— PROBLEM DETAILS —
Return every line from the records below in which the word "symmetric" is found.

— GIVEN ENTRIES —
++++++++++

(* Consider the protocol ABBBA described in the context, with $n\ge 3t+1$, in which every honest node receives an input pair $(a,b)\in\{0,1\}^2$. Then: (i) (Conditional termination) If the inputs satisfy the condition "if some honest node has $b=1$, then at least $t+1$ honest nodes have $a=1$", then every honest node eventually outputs a value and terminates. (ii) (Biased validity) If at least $t+1$ honest nodes have $b=1$, then every honest node that terminates outputs $1$. (iii) (Biased integrity) If some honest node outputs $1$, then at least one honest node has input $a=1$ or $b=1$.
   Context: Model: $n$ nodes in an asynchronous network (messages between honest nodes are eventually delivered, with arbitrary delay), at most $t$ of which are Byzantine (controlled by an adaptive adversary), $n\ge 3t+1$. Protocol ABBBA (asynchronous biased binary Byzantine agreement), code for an honest node with input $(a,b)\in\{0,1\}^2$: initialize counters $c_a=c_b=c_c=0$. Send $(\mathrm{VALUE},a,b)$ to all nodes. If $a=1$ or $b=1$, output $1$ and terminate. Otherwise wait until one of: $c_a\ge t+1$, $c_b\ge t+1$, or $c_c\ge n-t$; if $c_a\ge t+1$ or $c_b\ge t+1$, output $1$ and terminate; else (i.e. $c_c\ge n-t$) output $0$ and terminate. Counter updates: upon receiving the first message $(\mathrm{VALUE},a',b')$ with $a',b'\in\{0,1\}$ from a given node, set $c_a\leftarrow c_a+a'$, $c_b\leftarrow c_b+b'$, and if $b'=0$ set $c_c\leftarrow c_c+1$ (later VALUE messages from the same node are ignored). *)

theory Defs
  imports Main
begin

text \<open>Nodes are 0,...,n-1.  Time is discrete (nat).
  rt i j = Some s : receiver i processes, at time s, the first well-formed
  VALUE message from sender j; rt i j = None : no such message is ever processed.
  v i j = (a', b') : the bits carried by that message (True = 1).
  For an honest sender j, v i j = (a j, b j); for a Byzantine sender it is arbitrary.\<close>

definition cnt ::
  "(nat \<Rightarrow> nat \<Rightarrow> nat option) \<Rightarrow> (nat \<Rightarrow> nat \<Rightarrow> bool \<times> bool) \<Rightarrow> nat \<Rightarrow> nat \<Rightarrow> nat
     \<Rightarrow> (bool \<times> bool \<Rightarrow> bool) \<Rightarrow> nat" where
  "cnt rt v n i \<tau> P = card {j \<in> {..<n}. \<exists>s. rt i j = Some s \<and> s \<le> \<tau> \<and> P (v i j)}"

definition c_a where "c_a rt v n i \<tau> = cnt rt v n i \<tau> fst"
definition c_b where "c_b rt v n i \<tau> = cnt rt v n i \<tau> snd"
definition c_c where "c_c rt v n i \<tau> = cnt rt v n i \<tau> (\<lambda>p. \<not> snd p)"

definition wait_done where
  "wait_done n t rt v i \<tau> \<longleftrightarrow>
     c_a rt v n i \<tau> \<ge> t + 1 \<or> c_b rt v n i \<tau> \<ge> t + 1 \<or> c_c rt v n i \<tau> \<ge> n - t"

text \<open>Output of honest node i with inputs a i, b i (None = never terminates).\<close>
definition abbba_output ::
  "nat \<Rightarrow> nat \<Rightarrow> (nat \<Rightarrow> bool) \<Rightarrow> (nat \<Rightarrow> bool) \<Rightarrow> (nat \<Rightarrow> nat \<Rightarrow> nat option)
     \<Rightarrow> (nat \<Rightarrow> nat \<Rightarrow> bool \<times> bool) \<Rightarrow> nat \<Rightarrow> nat option" where
  "abbba_output n t a b rt v i =
     (if a i \<or> b i then Some 1
      else if \<exists>\<tau>. wait_done n t rt v i \<tau> then
        (let \<tau>0 = (LEAST \<tau>. wait_done n t rt v i \<tau>) in
           if c_a rt v n i \<tau>0 \<ge> t + 1 \<or> c_b rt v n i \<tau>0 \<ge> t + 1 then Some 1 else Some 0)
      else None)"

text \<open>Admissible executions: Byz is the set of (ever) corrupted nodes, H the honest ones.\<close>
definition abbba_exec ::
  "nat \<Rightarrow> nat \<Rightarrow> nat set \<Rightarrow> (nat \<Rightarrow> bool) \<Rightarrow> (nat \<Rightarrow> bool) \<Rightarrow> (nat \<Rightarrow> nat \<Rightarrow> nat option)
     \<Rightarrow> (nat \<Rightarrow> nat \<Rightarrow> bool \<times> bool) \<Rightarrow> bool" where
  "abbba_exec n t Byz a b rt v \<longleftrightarrow>
     Byz \<subseteq> {..<n} \<and> card Byz \<le> t \<and>
     (\<forall>i \<in> {..<n} - Byz. \<forall>j \<in> {..<n} - Byz. rt i j \<noteq> None \<and> v i j = (a j, b j)) \<and>
     (\<forall>i \<in> {..<n} - Byz. \<forall>j \<in> {..<n}. \<forall>k \<in> {..<n}. \<forall>s.
         j \<noteq> k \<longrightarrow> rt i j = Some s \<longrightarrow> rt i k \<noteq> Some s)"

end

theory Submission
  imports Defs
begin

text \<open>Only honest senders are guaranteed to deliver their true inputs, and there are at
  least n - t of them; more than t reports of a bit cannot all come from Byzantine nodes.
  Termination: once all honest messages have arrived, either some honest node has b = 1,
  and then the t + 1 honest a-votes close the wait, or every honest node reports b = 0
  and the n - t honest reports close it through c_c.  Validity: with t + 1 honest b-votes
  at most n - t - 1 senders can ever report b = 0, so the branch that outputs 0 is never
  taken.  Integrity: an output 1 is justified either by the node's own input or by t + 1
  reports of a 1, one of which comes from an honest node.\<close>

lemma abbba_output_neq_None:
  assumes "wait_done n t rt v i \<tau>"
  shows "abbba_output n t a b rt v i \<noteq> None"
  using assms unfolding abbba_output_def by (auto simp: Let_def)

lemma abbba_output_in_None_Some_1:
  assumes "\<And>\<tau>. c_c rt v n i \<tau> < n - t"
  shows "abbba_output n t a b rt v i \<in> {None, Some 1}"
proof (cases "\<exists>\<tau>. wait_done n t rt v i \<tau>")
  case True
  then have "wait_done n t rt v i (LEAST \<tau>. wait_done n t rt v i \<tau>)" by (rule LeastI_ex)
  with assms show ?thesis unfolding abbba_output_def wait_done_def Let_def
    by (simp add: not_le[symmetric])
qed (auto simp: abbba_output_def)

lemma abbba_output_Some_1_cases:
  assumes "abbba_output n t a b rt v i = Some 1"
  shows "a i \<or> b i \<or> (\<exists>\<tau>. c_a rt v n i \<tau> \<ge> t + 1 \<or> c_b rt v n i \<tau> \<ge> t + 1)"
  using assms unfolding abbba_output_def Let_def by (auto split: if_splits)

locale abbba_execution =
  fixes n t :: nat and Byz :: "nat set" and a b :: "nat \<Rightarrow> bool"
    and rt :: "nat \<Rightarrow> nat \<Rightarrow> nat option" and v :: "nat \<Rightarrow> nat \<Rightarrow> bool \<times> bool"
  assumes exec: "abbba_exec n t Byz a b rt v"
begin

abbreviation honest :: "nat set" where
  "honest \<equiv> {..<n} - Byz"

lemma Byz_subset: "Byz \<subseteq> {..<n}"
  and card_Byz_le: "card Byz \<le> t"
  and honest_delivered: "i \<in> honest \<Longrightarrow> j \<in> honest \<Longrightarrow> rt i j \<noteq> None"
  and honest_value: "i \<in> honest \<Longrightarrow> j \<in> honest \<Longrightarrow> v i j = (a j, b j)"
  using exec unfolding abbba_exec_def by blast+

lemma card_honest_ge: "card honest \<ge> n - t"
proof -
  have "card honest = n - card Byz"
    using Byz_subset by (simp add: card_Diff_subset finite_subset)
  with card_Byz_le show ?thesis by linarith
qed

lemma honest_delivery_time:
  assumes "i \<in> honest"
  obtains \<tau> where "\<And>j. j \<in> honest \<Longrightarrow> \<exists>s. rt i j = Some s \<and> s \<le> \<tau>"
proof
  fix j assume j: "j \<in> honest"
  obtain s where s: "rt i j = Some s" using honest_delivered[OF assms j] by blast
  moreover have "s \<le> Max ((\<lambda>j. the (rt i j)) ` honest)"
    using j s by (intro Max_ge) force+
  ultimately show "\<exists>s. rt i j = Some s \<and> s \<le> Max ((\<lambda>j. the (rt i j)) ` honest)" by blast
qed

lemma card_honest_le_cnt:
  assumes "i \<in> honest" and delivered: "\<And>j. j \<in> honest \<Longrightarrow> \<exists>s. rt i j = Some s \<and> s \<le> \<tau>"
  shows "card {j \<in> honest. P (a j, b j)} \<le> cnt rt v n i \<tau> P"
  unfolding cnt_def
proof (rule card_mono)
  show "{j \<in> honest. P (a j, b j)} \<subseteq> {j \<in> {..<n}. \<exists>s. rt i j = Some s \<and> s \<le> \<tau> \<and> P (v i j)}"
    using delivered honest_value[OF assms(1)] by fastforce
qed simp

lemma cnt_le_n_minus_honest_dissent:
  assumes "i \<in> honest"
  shows "cnt rt v n i \<tau> P \<le> n - card {j \<in> honest. \<not> P (a j, b j)}"
proof -
  let ?D = "{j \<in> honest. \<not> P (a j, b j)}"
  have "cnt rt v n i \<tau> P \<le> card ({..<n} - ?D)"
    unfolding cnt_def by (rule card_mono) (use honest_value[OF assms] in auto)
  also have "\<dots> = n - card ?D" by (subst card_Diff_subset) auto
  finally show ?thesis .
qed

lemma honest_witness_of_cnt:
  assumes "i \<in> honest" and "cnt rt v n i \<tau> P \<ge> t + 1"
  shows "\<exists>j \<in> honest. P (a j, b j)"
proof -
  let ?S = "{j \<in> {..<n}. \<exists>s. rt i j = Some s \<and> s \<le> \<tau> \<and> P (v i j)}"
  have "\<not> ?S \<subseteq> Byz"
  proof
    assume "?S \<subseteq> Byz"
    then have "card ?S \<le> card Byz" using Byz_subset by (simp add: card_mono finite_subset)
    with assms(2) card_Byz_le show False unfolding cnt_def by linarith
  qed
  then obtain j where "j \<in> ?S" "j \<in> honest" by blast
  then show ?thesis using honest_value[OF assms(1)] by auto
qed

theorem conditional_termination:
  assumes cond: "(\<exists>j \<in> honest. b j) \<longrightarrow> card {j \<in> honest. a j} \<ge> t + 1"
    and i: "i \<in> honest"
  shows "abbba_output n t a b rt v i \<noteq> None"
proof -
  obtain \<tau> where delivered: "\<And>j. j \<in> honest \<Longrightarrow> \<exists>s. rt i j = Some s \<and> s \<le> \<tau>"
    using honest_delivery_time[OF i] by blast
  have "wait_done n t rt v i \<tau>"
  proof (cases "\<exists>j \<in> honest. b j")
    case True
    then have "t + 1 \<le> card {j \<in> honest. a j}" using cond by blast
    also have "\<dots> \<le> c_a rt v n i \<tau>"
      unfolding c_a_def using card_honest_le_cnt[OF i delivered, of fst] by simp
    finally show ?thesis unfolding wait_done_def by blast
  next
    case False
    then have "honest = {j \<in> honest. \<not> b j}" by blast
    then have "n - t \<le> card {j \<in> honest. \<not> b j}" using card_honest_ge by simp
    also have "\<dots> \<le> c_c rt v n i \<tau>"
      unfolding c_c_def using card_honest_le_cnt[OF i delivered, of "\<lambda>p. \<not> snd p"] by simp
    finally show ?thesis unfolding wait_done_def by blast
  qed
  then show ?thesis by (rule abbba_output_neq_None)
qed

theorem biased_validity:
  assumes "n \<ge> t + 1" and votes: "card {j \<in> honest. b j} \<ge> t + 1" and i: "i \<in> honest"
  shows "abbba_output n t a b rt v i \<in> {None, Some 1}"
proof (rule abbba_output_in_None_Some_1)
  fix \<tau>
  have "c_c rt v n i \<tau> \<le> n - card {j \<in> honest. b j}"
    unfolding c_c_def using cnt_le_n_minus_honest_dissent[OF i, of \<tau> "\<lambda>p. \<not> snd p"] by simp
  with assms(1) votes show "c_c rt v n i \<tau> < n - t" by linarith
qed

theorem biased_integrity:
  assumes "i \<in> honest" and "abbba_output n t a b rt v i = Some 1"
  shows "\<exists>j \<in> honest. a j \<or> b j"
  using abbba_output_Some_1_cases[OF assms(2)] assms(1)
    honest_witness_of_cnt[OF assms(1), of _ fst] honest_witness_of_cnt[OF assms(1), of _ snd]
  unfolding c_a_def c_b_def by fastforce

end

theorem lemma8:
  fixes n t :: nat and Byz :: "nat set" and a b :: "nat \<Rightarrow> bool"
    and rt :: "nat \<Rightarrow> nat \<Rightarrow> nat option" and v :: "nat \<Rightarrow> nat \<Rightarrow> bool \<times> bool"
  assumes "n \<ge> 3 * t + 1"
    and "abbba_exec n t Byz a b rt v"
  shows "(((\<exists>j \<in> {..<n} - Byz. b j) \<longrightarrow> card {j \<in> {..<n} - Byz. a j} \<ge> t + 1)
           \<longrightarrow> (\<forall>i \<in> {..<n} - Byz. abbba_output n t a b rt v i \<noteq> None))
         \<and> (card {j \<in> {..<n} - Byz. b j} \<ge> t + 1
           \<longrightarrow> (\<forall>i \<in> {..<n} - Byz. abbba_output n t a b rt v i \<in> {None, Some 1}))
         \<and> ((\<exists>i \<in> {..<n} - Byz. abbba_output n t a b rt v i = Some 1)
           \<longrightarrow> (\<exists>j \<in> {..<n} - Byz. a j \<or> b j))"
proof -
  interpret abbba_execution n t Byz a b rt v by unfold_locales (fact assms(2))
  have "n \<ge> t + 1" using assms(1) by linarith
  then show ?thesis
    using conditional_termination biased_validity biased_integrity by blast
qed

end
lemma parent_in_branch:
  assumes zc: "adj z c" and y: "y \<in> branch z c"
    and py: "adj p y" and pd: "gdist adj z p + 1 = gdist adj z y" and "p \<noteq> z"
  shows "p \<in> branch z c"
proof -
  have z: "z \<in> V" and c: "c \<in> V" and p: "p \<in> V" using adj_in_V zc py by auto
  have yV: "y \<in> V" and yc: "gdist adj y c + 1 = gdist adj y z" using y unfolding branch_def by auto
  have "y \<noteq> c"
  proof
    assume "y = c"
    then have "gdist adj z p = 0" using gdist_adj zc pd by simp
    then show False using gdist_eq_0_iff z p \<open>p \<noteq> z\<close> by auto
  qed
  define q where "q = parent c y"
  have q: "adj q y" "gdist adj c q + 1 = gdist adj c y" using parent[OF c yV \<open>y \<noteq> c\<close>] q_def by auto
  have qV: "q \<in> V" using adj_in_V q by auto
  have "gdist adj z q \<le> gdist adj z c + gdist adj c q" using gdist_triangle z c qV by blast
  also have "\<dots> = 1 + gdist adj c q" using gdist_adj zc by simp
  finally have "gdist adj z q + 1 \<le> gdist adj z y"
    using q(2) yc gdist_commute[OF yV c] gdist_commute[OF yV z] by simp
  then have "gdist adj z q + 1 = gdist adj z y" using adj_gdist_cases[OF z q(1)] by auto
  then have "q = p" using parent_unique[OF z q(1)] parent_unique[OF z py pd] by simp
  then show ?thesis
    using q(2) yc pd p gdist_commute[OF yV c] gdist_commute[OF yV z] gdist_commute[OF p c]
      gdist_commute[OF p z]
    unfolding branch_def by simp
qed

lemma child_in_branch:
  assumes zc: "adj z c" and y: "y \<in> branch z c"
    and yx: "adj y x" and xd: "gdist adj z x = gdist adj z y + 1"
  shows "x \<in> branch z c"
proof -
  have z: "z \<in> V" and c: "c \<in> V" and x: "x \<in> V" using adj_in_V zc yx by auto
  have yV: "y \<in> V" and yc: "gdist adj y c + 1 = gdist adj y z" using y unfolding branch_def by auto
  have "gdist adj x c \<le> gdist adj x y + gdist adj y c" using gdist_triangle x yV c by blast
  moreover have "gdist adj x z \<le> gdist adj x c + gdist adj c z" using gdist_triangle x c z by blast
  moreover have "gdist adj x y = 1" "gdist adj c z = 1" using gdist_adj adj_sym yx zc by auto
  ultimately show ?thesis
    using xd yc x gdist_commute[OF x z] gdist_commute[OF yV z] unfolding branch_def by simp
qed

text \<open>Induction on the depth of \<open>y\<close> below \<open>z\<close>: the claim for the parent \<open>p\<close> of \<open>y\<close> (seen
  from \<open>z\<close>) extends to \<open>y\<close>, because the parent of \<open>p\<close> seen from \<open>x\<close> is its parent seen from
  \<open>z\<close>, hence not \<open>y\<close>.\<close>

lemma gdist_across_branches:
  assumes zu: "adj z u" and zw: "adj z w" and "u \<noteq> w"
    and x: "x \<in> branch z u" and y: "y \<in> branch z w"
  shows "gdist adj x y = gdist adj x z + gdist adj z y"
proof -
  have z: "z \<in> V" using adj_in_V zw by auto
  have xV: "x \<in> V" and xu: "gdist adj x u + 1 = gdist adj x z" using x unfolding branch_def by auto
  have u_parent: "u = parent x z" using parent_unique[OF xV adj_sym[OF zu] xu] .
  have "y \<in> insert z (branch z w) \<Longrightarrow> gdist adj x y = gdist adj x z + gdist adj z y" for y
  proof (induction "gdist adj z y" arbitrary: y rule: less_induct)
    case less
    show ?case
    proof (cases "y = z")
      case False
      then have yB: "y \<in> branch z w" and yV: "y \<in> V" using less.prems branch_subset_V by auto
      define p where "p = parent z y"
      have p: "adj p y" "gdist adj z p + 1 = gdist adj z y"
        using parent[OF z yV False] p_def by auto
      have pB: "p \<in> insert z (branch z w)" using parent_in_branch[OF zw yB p] by blast
      have "gdist adj z p < gdist adj z y" using p(2) by simp
      then have IHp: "gdist adj x p = gdist adj x z + gdist adj z p" using less.hyps pB by blast
      have "y \<noteq> parent x p"
      proof (cases "p = z")
        case True
        then have "adj z y" using p(1) by simp
        then have "y = w" using branch_unique[OF _ zw self_in_branch yB] by blast
        then show ?thesis using True u_parent \<open>u \<noteq> w\<close> by simp
      next
        case False
        have pV: "p \<in> V" using adj_in_V p(1) by auto
        define q where "q = parent z p"
        have q: "adj q p" "gdist adj z q + 1 = gdist adj z p"
          using parent[OF z pV False] q_def by auto
        have "p \<in> branch z w" using pB False by simp
        then have "q \<in> insert z (branch z w)" using parent_in_branch[OF zw _ q] by blast
        moreover have "gdist adj z q < gdist adj z y" using q(2) p(2) by simp
        ultimately have "gdist adj x q = gdist adj x z + gdist adj z q" using less.hyps by blast
        then have "gdist adj x q + 1 = gdist adj x p" using IHp q(2) by simp
        then have "q = parent x p" using parent_unique[OF xV q(1)] by simp
        moreover have "q \<noteq> y" using q(2) p(2) by auto
        ultimately show ?thesis by simp
      qed
      then have "gdist adj x y = gdist adj x p + 1" using gdist_adj_not_parent[OF xV p(1)] by blast
      then show ?thesis using IHp p(2) by simp
    qed simp
  qed
  then show ?thesis using y by blast
qed

lemma farthest_in_branch_is_leaf:
  assumes zc: "adj z c" and l: "l \<in> branch z c"
    and far: "\<And>y. y \<in> branch z c \<Longrightarrow> gdist adj z y \<le> gdist adj z l"
  shows "leaf V adj l"
proof -
  have z: "z \<in> V" using adj_in_V zc by auto
  have lV: "l \<in> V" and "l \<noteq> z" using l branch_subset_V centre_notin_branch by auto
  define p where "p = parent z l"
  have p: "adj p l" "gdist adj z p + 1 = gdist adj z l" using parent[OF z lV \<open>l \<noteq> z\<close>] p_def by auto
  have "t = p" if "adj l t" for t
  proof (rule ccontr)
    assume "t \<noteq> p"
    then have "gdist adj z t = gdist adj z l + 1"
      using gdist_adj_not_parent[OF z that] p_def by simp
    then show False using child_in_branch[OF zc l that] far[of t] by simp
  qed
  then have "{t. adj l t} = {p}" using p(1) adj_sym by auto
  then show ?thesis unfolding leaf_def degree_def using lV by simp
qed

lemma branch_has_farthest_leaf:
  assumes "adj z c"
  obtains l where "l \<in> branch z c" and "leaf V adj l"
    and "\<And>y. y \<in> branch z c \<Longrightarrow> gdist adj z y \<le> gdist adj z l"
proof -
  obtain l where l: "l \<in> branch z c" "Max (gdist adj z ` branch z c) = gdist adj z l"
    using obtains_MAX[OF finite_branch] self_in_branch[OF assms] by blast
  then have "gdist adj z y \<le> gdist adj z l" if "y \<in> branch z c" for y
    using that finite_branch by (metis Max_ge finite_imageI imageI)
  then show ?thesis using that l(1) farthest_in_branch_is_leaf[OF assms l(1)] by blast
qed

text \<open>The farthest leaf of a branch at \<open>w\<close> pointing away from \<open>v\<close> is a terminal vertex
  of \<open>w\<close>: a major vertex in that branch would be farther from \<open>v\<close> than \<open>w\<close>, and every other
  major vertex is reached from the leaf through \<open>w\<close>.\<close>

lemma farthest_major_is_exterior:
  assumes vV: "v \<in> V" and w: "major V adj w" and "w \<noteq> v"
    and farthest: "\<And>w'. major V adj w' \<Longrightarrow> gdist adj v w' \<le> gdist adj v w"
  shows "exterior_major V adj w"
proof -
  have wV: "w \<in> V" and deg: "3 \<le> card {u. adj w u}" using w unfolding major_def degree_def by auto
  define q where "q = parent v w"
  have q: "adj q w" "gdist adj v q + 1 = gdist adj v w" using parent[OF vV wV \<open>w \<noteq> v\<close>] q_def by auto
  have "\<not> {u. adj w u} \<subseteq> {q}" using card_mono[of "{q}" "{u. adj w u}"] deg by auto
  then obtain c where wc: "adj w c" and "c \<noteq> q" by blast
  obtain l where l: "l \<in> branch w c" "leaf V adj l" using branch_has_farthest_leaf[OF wc] by blast
  have "q \<in> V" using adj_in_V q(1) by auto
  then have v_branch: "v \<in> branch w q"
    using q(2) vV wV gdist_commute[of v q] gdist_commute[of v w] unfolding branch_def by simp
  have "gdist adj l w < gdist adj l w'" if w': "major V adj w'" "w' \<noteq> w" for w'
  proof -
    have w'V: "w' \<in> V" using w' unfolding major_def by auto
    obtain c' where wc': "adj w c'" and w'c': "w' \<in> branch w c'"
      using in_some_branch[OF wV w'V w'(2)] .
    have "0 < gdist adj w w'" using gdist_eq_0_iff[OF wV w'V] w'(2) by auto
    moreover have "c' \<noteq> c"
    proof
      assume "c' = c"
      then have "gdist adj v w' = gdist adj v w + gdist adj w w'"
        using gdist_across_branches[OF adj_sym[OF q(1)] wc \<open>c \<noteq> q\<close>[symmetric] v_branch] w'c' by simp
      then show False using farthest[OF w'(1)] \<open>0 < gdist adj w w'\<close> by simp
    qed
    then have "gdist adj l w' = gdist adj l w + gdist adj w w'"
      using gdist_across_branches[OF wc wc' _ l(1) w'c'] by simp
    ultimately show ?thesis by simp
  qed
  then show ?thesis unfolding exterior_major_def terminal_def using w l(2) by blast
qed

++++++++++

— FINISHED TASK —
    by (simp add: not_le[symmetric])
        using gdist_across_branches[OF adj_sym[OF q(1)] wc \<open>c \<noteq> q\<close>[symmetric] v_branch] w'c' by simp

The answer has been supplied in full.